Which of the lines in the data below contain the string "mathbf"? Copy each of them.

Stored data
________________________________________

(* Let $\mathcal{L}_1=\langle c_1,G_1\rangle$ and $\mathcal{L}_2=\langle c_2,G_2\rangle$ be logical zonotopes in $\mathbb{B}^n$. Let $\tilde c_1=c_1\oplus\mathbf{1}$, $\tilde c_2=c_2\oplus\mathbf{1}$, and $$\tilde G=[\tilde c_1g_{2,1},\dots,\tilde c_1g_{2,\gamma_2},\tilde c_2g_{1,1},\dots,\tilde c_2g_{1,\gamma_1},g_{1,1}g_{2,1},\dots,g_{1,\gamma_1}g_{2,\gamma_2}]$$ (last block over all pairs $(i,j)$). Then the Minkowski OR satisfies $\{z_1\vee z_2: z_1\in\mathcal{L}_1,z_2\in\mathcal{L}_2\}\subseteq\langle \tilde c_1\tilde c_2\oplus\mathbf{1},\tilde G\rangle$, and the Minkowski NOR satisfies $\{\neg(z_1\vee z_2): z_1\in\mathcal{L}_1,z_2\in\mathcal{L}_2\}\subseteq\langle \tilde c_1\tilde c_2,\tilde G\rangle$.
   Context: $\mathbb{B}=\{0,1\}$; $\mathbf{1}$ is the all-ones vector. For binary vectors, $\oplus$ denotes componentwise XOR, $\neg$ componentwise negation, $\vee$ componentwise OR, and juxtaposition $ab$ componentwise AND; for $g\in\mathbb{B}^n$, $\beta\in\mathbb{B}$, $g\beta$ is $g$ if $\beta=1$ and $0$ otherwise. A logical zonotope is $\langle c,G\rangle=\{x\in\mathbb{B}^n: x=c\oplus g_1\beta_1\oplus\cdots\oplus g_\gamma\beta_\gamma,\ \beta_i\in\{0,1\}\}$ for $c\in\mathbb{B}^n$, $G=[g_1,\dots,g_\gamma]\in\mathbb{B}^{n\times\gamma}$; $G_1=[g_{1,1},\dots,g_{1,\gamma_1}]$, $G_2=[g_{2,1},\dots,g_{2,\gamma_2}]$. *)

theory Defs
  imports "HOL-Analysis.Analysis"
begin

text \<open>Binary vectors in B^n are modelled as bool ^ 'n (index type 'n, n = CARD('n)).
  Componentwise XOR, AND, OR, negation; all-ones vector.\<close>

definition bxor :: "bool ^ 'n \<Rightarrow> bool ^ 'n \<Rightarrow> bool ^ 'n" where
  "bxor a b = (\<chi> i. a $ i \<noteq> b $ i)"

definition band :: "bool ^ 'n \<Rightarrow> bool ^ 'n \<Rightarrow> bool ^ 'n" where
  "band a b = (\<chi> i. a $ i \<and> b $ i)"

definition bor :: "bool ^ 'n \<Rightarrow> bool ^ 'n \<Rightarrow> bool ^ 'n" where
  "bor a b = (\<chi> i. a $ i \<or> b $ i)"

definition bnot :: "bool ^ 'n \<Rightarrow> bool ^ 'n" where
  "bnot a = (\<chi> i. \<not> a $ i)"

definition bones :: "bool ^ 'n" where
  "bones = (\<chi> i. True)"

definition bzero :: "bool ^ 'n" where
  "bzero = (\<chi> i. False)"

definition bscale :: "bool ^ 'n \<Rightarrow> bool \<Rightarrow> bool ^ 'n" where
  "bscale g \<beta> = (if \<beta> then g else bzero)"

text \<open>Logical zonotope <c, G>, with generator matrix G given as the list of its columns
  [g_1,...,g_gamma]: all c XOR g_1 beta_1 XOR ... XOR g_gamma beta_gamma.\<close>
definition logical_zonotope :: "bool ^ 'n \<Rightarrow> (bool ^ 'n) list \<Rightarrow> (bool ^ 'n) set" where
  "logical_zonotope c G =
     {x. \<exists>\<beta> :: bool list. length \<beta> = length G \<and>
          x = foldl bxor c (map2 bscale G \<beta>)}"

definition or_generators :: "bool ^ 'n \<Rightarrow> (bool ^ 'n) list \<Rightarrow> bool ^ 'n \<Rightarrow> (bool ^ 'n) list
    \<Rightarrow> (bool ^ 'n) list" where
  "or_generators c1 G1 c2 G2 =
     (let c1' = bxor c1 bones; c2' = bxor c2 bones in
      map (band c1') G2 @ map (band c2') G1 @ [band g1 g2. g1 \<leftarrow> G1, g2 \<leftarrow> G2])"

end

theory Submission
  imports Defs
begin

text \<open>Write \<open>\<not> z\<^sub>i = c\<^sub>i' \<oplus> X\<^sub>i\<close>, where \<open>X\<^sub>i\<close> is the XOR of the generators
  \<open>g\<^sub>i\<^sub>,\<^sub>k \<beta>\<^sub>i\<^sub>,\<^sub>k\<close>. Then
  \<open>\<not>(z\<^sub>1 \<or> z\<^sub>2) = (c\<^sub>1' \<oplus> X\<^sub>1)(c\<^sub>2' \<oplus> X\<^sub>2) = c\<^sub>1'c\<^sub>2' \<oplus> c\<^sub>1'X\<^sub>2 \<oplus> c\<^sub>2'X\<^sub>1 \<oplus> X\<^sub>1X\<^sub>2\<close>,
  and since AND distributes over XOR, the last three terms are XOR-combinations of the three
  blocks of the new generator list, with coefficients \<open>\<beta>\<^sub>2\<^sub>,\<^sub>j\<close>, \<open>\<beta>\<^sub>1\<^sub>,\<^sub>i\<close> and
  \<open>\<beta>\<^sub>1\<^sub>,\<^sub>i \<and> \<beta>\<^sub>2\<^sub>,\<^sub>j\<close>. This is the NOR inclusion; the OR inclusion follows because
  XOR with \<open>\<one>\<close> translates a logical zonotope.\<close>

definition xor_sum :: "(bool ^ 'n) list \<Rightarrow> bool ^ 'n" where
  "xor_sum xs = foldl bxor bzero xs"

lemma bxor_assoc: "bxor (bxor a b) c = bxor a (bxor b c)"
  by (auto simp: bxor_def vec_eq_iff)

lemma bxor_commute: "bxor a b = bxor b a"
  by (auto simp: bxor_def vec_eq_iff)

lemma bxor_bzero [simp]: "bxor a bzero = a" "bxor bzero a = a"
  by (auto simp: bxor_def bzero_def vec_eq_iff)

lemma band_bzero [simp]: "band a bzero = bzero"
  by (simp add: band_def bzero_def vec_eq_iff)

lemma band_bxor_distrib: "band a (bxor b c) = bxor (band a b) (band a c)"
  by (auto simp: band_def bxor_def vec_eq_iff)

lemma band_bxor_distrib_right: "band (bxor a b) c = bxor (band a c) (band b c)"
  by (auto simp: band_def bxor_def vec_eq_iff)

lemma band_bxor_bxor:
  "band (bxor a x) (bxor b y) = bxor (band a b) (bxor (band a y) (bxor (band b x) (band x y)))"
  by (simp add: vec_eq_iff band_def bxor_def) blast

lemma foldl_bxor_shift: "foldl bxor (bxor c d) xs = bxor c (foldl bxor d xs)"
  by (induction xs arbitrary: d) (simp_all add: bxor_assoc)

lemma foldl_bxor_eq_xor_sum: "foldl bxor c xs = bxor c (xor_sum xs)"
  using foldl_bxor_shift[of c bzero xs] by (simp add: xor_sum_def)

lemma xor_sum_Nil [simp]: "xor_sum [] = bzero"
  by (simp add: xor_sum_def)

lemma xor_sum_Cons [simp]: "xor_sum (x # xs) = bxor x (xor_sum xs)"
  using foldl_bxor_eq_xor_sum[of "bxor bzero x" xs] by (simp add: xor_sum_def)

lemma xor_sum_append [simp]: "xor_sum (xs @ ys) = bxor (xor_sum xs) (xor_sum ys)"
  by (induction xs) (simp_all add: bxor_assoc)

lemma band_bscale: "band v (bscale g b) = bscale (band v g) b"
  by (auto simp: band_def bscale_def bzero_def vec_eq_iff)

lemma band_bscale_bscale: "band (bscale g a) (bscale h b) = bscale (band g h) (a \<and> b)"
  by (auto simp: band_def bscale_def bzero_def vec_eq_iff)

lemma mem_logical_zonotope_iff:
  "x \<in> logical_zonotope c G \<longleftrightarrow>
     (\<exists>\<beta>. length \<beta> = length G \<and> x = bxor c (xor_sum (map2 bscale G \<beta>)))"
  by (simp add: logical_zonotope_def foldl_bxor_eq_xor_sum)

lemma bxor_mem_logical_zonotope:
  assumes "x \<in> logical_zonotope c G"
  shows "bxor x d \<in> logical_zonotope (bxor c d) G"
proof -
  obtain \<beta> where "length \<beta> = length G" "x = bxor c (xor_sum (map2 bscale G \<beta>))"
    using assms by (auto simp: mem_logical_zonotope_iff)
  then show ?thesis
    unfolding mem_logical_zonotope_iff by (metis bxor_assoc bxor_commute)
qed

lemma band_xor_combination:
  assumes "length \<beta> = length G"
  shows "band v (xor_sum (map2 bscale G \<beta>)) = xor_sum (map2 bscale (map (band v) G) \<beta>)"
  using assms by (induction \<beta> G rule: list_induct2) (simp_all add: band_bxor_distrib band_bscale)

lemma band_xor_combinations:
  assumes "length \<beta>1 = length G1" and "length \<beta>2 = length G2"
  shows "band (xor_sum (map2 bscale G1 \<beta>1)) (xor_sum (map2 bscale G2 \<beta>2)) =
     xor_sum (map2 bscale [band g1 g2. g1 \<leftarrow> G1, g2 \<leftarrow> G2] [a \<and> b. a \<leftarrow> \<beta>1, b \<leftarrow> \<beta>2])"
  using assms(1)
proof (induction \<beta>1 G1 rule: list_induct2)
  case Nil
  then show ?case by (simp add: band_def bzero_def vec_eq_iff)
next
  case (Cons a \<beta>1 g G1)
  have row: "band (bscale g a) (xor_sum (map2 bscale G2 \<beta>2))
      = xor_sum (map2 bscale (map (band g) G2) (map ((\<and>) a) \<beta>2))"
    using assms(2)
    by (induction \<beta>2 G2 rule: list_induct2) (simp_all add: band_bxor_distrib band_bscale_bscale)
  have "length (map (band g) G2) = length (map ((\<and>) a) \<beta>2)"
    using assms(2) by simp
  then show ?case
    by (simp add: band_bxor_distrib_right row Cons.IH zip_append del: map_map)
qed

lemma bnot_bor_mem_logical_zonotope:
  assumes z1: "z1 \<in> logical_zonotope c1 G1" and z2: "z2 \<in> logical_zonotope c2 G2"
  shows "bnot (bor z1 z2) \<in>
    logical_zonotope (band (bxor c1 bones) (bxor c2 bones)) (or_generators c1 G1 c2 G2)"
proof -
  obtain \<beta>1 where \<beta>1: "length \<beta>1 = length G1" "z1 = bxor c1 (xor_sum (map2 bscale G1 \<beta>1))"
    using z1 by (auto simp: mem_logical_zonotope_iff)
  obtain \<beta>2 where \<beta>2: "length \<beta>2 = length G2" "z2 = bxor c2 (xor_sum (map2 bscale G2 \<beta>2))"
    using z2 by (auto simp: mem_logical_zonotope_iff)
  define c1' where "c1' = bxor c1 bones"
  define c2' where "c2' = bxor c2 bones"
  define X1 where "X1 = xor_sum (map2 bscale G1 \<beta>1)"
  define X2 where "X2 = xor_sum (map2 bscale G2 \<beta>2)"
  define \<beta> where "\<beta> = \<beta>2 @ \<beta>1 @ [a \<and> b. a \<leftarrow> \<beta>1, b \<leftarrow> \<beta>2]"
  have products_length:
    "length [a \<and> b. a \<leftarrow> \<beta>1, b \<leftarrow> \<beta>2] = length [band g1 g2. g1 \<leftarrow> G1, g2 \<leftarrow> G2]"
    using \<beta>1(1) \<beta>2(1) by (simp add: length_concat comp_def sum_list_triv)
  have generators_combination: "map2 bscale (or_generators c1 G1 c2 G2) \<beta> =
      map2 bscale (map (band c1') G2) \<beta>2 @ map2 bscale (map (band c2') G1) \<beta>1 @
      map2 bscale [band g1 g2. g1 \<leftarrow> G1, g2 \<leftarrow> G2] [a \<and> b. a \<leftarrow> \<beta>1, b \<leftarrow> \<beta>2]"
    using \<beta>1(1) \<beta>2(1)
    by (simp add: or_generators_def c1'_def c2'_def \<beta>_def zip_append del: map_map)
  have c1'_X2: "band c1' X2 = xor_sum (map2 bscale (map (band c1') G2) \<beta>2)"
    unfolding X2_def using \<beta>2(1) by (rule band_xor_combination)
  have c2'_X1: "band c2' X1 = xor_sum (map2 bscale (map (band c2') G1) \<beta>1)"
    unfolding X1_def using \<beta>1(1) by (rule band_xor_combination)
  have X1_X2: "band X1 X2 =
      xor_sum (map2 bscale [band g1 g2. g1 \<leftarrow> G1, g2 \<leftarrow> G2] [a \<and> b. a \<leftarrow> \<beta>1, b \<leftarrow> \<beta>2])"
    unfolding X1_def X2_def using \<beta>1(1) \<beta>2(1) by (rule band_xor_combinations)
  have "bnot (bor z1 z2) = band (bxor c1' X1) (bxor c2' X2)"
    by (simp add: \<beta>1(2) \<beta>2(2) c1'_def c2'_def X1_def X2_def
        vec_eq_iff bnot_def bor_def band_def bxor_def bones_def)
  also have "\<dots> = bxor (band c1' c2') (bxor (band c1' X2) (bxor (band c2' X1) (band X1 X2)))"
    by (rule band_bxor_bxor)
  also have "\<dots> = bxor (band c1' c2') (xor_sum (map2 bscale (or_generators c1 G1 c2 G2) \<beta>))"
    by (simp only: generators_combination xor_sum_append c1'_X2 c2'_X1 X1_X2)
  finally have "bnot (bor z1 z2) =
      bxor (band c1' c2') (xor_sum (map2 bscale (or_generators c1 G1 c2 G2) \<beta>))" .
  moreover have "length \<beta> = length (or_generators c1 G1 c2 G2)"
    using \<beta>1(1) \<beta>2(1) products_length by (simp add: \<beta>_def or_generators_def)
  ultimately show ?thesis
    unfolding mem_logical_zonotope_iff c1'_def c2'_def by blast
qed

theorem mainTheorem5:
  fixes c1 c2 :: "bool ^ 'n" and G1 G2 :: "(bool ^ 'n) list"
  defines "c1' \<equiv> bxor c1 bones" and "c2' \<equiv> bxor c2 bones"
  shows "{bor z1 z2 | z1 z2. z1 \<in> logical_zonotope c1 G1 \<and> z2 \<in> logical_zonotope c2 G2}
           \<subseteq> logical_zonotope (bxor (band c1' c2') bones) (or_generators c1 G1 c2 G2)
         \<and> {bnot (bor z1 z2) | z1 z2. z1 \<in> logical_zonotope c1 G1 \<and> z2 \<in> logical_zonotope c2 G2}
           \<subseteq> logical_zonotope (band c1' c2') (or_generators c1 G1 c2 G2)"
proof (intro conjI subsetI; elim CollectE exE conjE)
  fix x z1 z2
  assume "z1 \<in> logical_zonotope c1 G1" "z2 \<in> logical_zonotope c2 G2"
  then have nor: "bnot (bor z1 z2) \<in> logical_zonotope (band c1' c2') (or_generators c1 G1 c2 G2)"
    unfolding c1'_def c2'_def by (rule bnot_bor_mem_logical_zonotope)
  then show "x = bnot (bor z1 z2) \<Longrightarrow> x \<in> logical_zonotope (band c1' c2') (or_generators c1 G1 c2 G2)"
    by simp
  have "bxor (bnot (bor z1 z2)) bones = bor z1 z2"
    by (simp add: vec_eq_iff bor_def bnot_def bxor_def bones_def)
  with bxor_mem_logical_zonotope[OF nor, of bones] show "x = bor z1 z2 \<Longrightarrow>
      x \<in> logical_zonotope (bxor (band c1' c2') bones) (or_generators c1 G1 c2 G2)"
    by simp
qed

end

________________________________________

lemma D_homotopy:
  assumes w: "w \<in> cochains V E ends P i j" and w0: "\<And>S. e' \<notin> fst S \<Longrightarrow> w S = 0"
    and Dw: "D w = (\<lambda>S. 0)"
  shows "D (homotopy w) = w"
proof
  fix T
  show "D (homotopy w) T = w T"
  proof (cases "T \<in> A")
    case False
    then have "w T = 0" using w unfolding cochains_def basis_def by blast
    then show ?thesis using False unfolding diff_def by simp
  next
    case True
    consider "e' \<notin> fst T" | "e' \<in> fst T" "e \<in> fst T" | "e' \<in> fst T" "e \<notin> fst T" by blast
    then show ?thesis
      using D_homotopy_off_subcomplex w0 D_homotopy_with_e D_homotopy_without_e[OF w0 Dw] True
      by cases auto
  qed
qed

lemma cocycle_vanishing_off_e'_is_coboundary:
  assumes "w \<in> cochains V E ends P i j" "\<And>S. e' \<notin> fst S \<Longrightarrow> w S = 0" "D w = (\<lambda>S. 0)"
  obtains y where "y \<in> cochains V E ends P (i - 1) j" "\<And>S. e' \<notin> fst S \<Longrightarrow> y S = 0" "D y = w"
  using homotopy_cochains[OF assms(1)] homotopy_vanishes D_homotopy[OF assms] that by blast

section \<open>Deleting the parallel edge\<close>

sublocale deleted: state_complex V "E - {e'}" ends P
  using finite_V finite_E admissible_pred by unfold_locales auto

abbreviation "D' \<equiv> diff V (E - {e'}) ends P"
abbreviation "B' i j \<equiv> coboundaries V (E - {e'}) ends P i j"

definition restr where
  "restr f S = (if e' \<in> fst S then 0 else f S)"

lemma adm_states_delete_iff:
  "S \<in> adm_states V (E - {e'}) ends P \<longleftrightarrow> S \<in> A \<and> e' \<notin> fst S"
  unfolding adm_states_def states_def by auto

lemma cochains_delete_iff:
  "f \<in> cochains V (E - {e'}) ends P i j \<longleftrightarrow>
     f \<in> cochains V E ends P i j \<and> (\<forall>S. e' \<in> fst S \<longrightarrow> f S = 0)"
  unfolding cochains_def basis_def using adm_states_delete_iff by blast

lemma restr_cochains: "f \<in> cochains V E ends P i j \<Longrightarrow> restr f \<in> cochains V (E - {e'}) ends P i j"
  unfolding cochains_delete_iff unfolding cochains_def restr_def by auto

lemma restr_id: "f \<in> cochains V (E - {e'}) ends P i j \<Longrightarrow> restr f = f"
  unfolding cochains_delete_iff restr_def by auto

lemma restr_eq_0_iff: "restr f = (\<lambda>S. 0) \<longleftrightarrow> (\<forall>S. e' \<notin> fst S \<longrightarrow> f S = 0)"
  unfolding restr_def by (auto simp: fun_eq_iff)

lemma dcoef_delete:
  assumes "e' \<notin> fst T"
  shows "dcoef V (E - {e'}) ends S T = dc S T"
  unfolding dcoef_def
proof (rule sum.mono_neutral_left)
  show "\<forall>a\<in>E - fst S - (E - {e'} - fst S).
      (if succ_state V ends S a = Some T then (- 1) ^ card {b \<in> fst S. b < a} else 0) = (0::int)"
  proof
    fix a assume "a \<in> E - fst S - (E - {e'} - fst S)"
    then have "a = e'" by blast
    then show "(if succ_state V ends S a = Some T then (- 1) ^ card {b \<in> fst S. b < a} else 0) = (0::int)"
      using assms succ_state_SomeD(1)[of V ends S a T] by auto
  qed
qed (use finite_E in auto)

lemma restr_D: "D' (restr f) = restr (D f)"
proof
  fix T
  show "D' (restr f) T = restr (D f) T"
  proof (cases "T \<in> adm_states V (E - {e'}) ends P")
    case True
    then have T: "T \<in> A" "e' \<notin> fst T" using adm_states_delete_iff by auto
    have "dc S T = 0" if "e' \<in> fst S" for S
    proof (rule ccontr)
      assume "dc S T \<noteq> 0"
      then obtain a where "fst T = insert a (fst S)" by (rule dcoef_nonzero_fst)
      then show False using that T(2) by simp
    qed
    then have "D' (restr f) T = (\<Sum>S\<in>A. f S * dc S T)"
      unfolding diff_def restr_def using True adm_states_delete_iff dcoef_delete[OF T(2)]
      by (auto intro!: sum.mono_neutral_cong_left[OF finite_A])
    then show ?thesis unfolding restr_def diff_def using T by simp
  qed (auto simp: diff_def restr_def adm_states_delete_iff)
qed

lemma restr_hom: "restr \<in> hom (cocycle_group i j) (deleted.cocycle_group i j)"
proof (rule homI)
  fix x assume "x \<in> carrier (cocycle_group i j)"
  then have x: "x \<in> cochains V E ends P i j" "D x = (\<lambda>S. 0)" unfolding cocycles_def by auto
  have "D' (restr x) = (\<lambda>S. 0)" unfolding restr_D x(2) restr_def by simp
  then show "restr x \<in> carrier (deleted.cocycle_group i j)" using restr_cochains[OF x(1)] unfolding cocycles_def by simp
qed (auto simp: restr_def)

________________________________________

ANSWER TO THE PROBLEM
(* Let $\mathcal{L}_1=\langle c_1,G_1\rangle$ and $\mathcal{L}_2=\langle c_2,G_2\rangle$ be logical zonotopes in $\mathbb{B}^n$. Let $\tilde c_1=c_1\oplus\mathbf{1}$, $\tilde c_2=c_2\oplus\mathbf{1}$, and $$\tilde G=[\tilde c_1g_{2,1},\dots,\tilde c_1g_{2,\gamma_2},\tilde c_2g_{1,1},\dots,\tilde c_2g_{1,\gamma_1},g_{1,1}g_{2,1},\dots,g_{1,\gamma_1}g_{2,\gamma_2}]$$ (last block over all pairs $(i,j)$). Then the Minkowski OR satisfies $\{z_1\vee z_2: z_1\in\mathcal{L}_1,z_2\in\mathcal{L}_2\}\subseteq\langle \tilde c_1\tilde c_2\oplus\mathbf{1},\tilde G\rangle$, and the Minkowski NOR satisfies $\{\neg(z_1\vee z_2): z_1\in\mathcal{L}_1,z_2\in\mathcal{L}_2\}\subseteq\langle \tilde c_1\tilde c_2,\tilde G\rangle$.
   Context: $\mathbb{B}=\{0,1\}$; $\mathbf{1}$ is the all-ones vector. For binary vectors, $\oplus$ denotes componentwise XOR, $\neg$ componentwise negation, $\vee$ componentwise OR, and juxtaposition $ab$ componentwise AND; for $g\in\mathbb{B}^n$, $\beta\in\mathbb{B}$, $g\beta$ is $g$ if $\beta=1$ and $0$ otherwise. A logical zonotope is $\langle c,G\rangle=\{x\in\mathbb{B}^n: x=c\oplus g_1\beta_1\oplus\cdots\oplus g_\gamma\beta_\gamma,\ \beta_i\in\{0,1\}\}$ for $c\in\mathbb{B}^n$, $G=[g_1,\dots,g_\gamma]\in\mathbb{B}^{n\times\gamma}$; $G_1=[g_{1,1},\dots,g_{1,\gamma_1}]$, $G_2=[g_{2,1},\dots,g_{2,\gamma_2}]$. *)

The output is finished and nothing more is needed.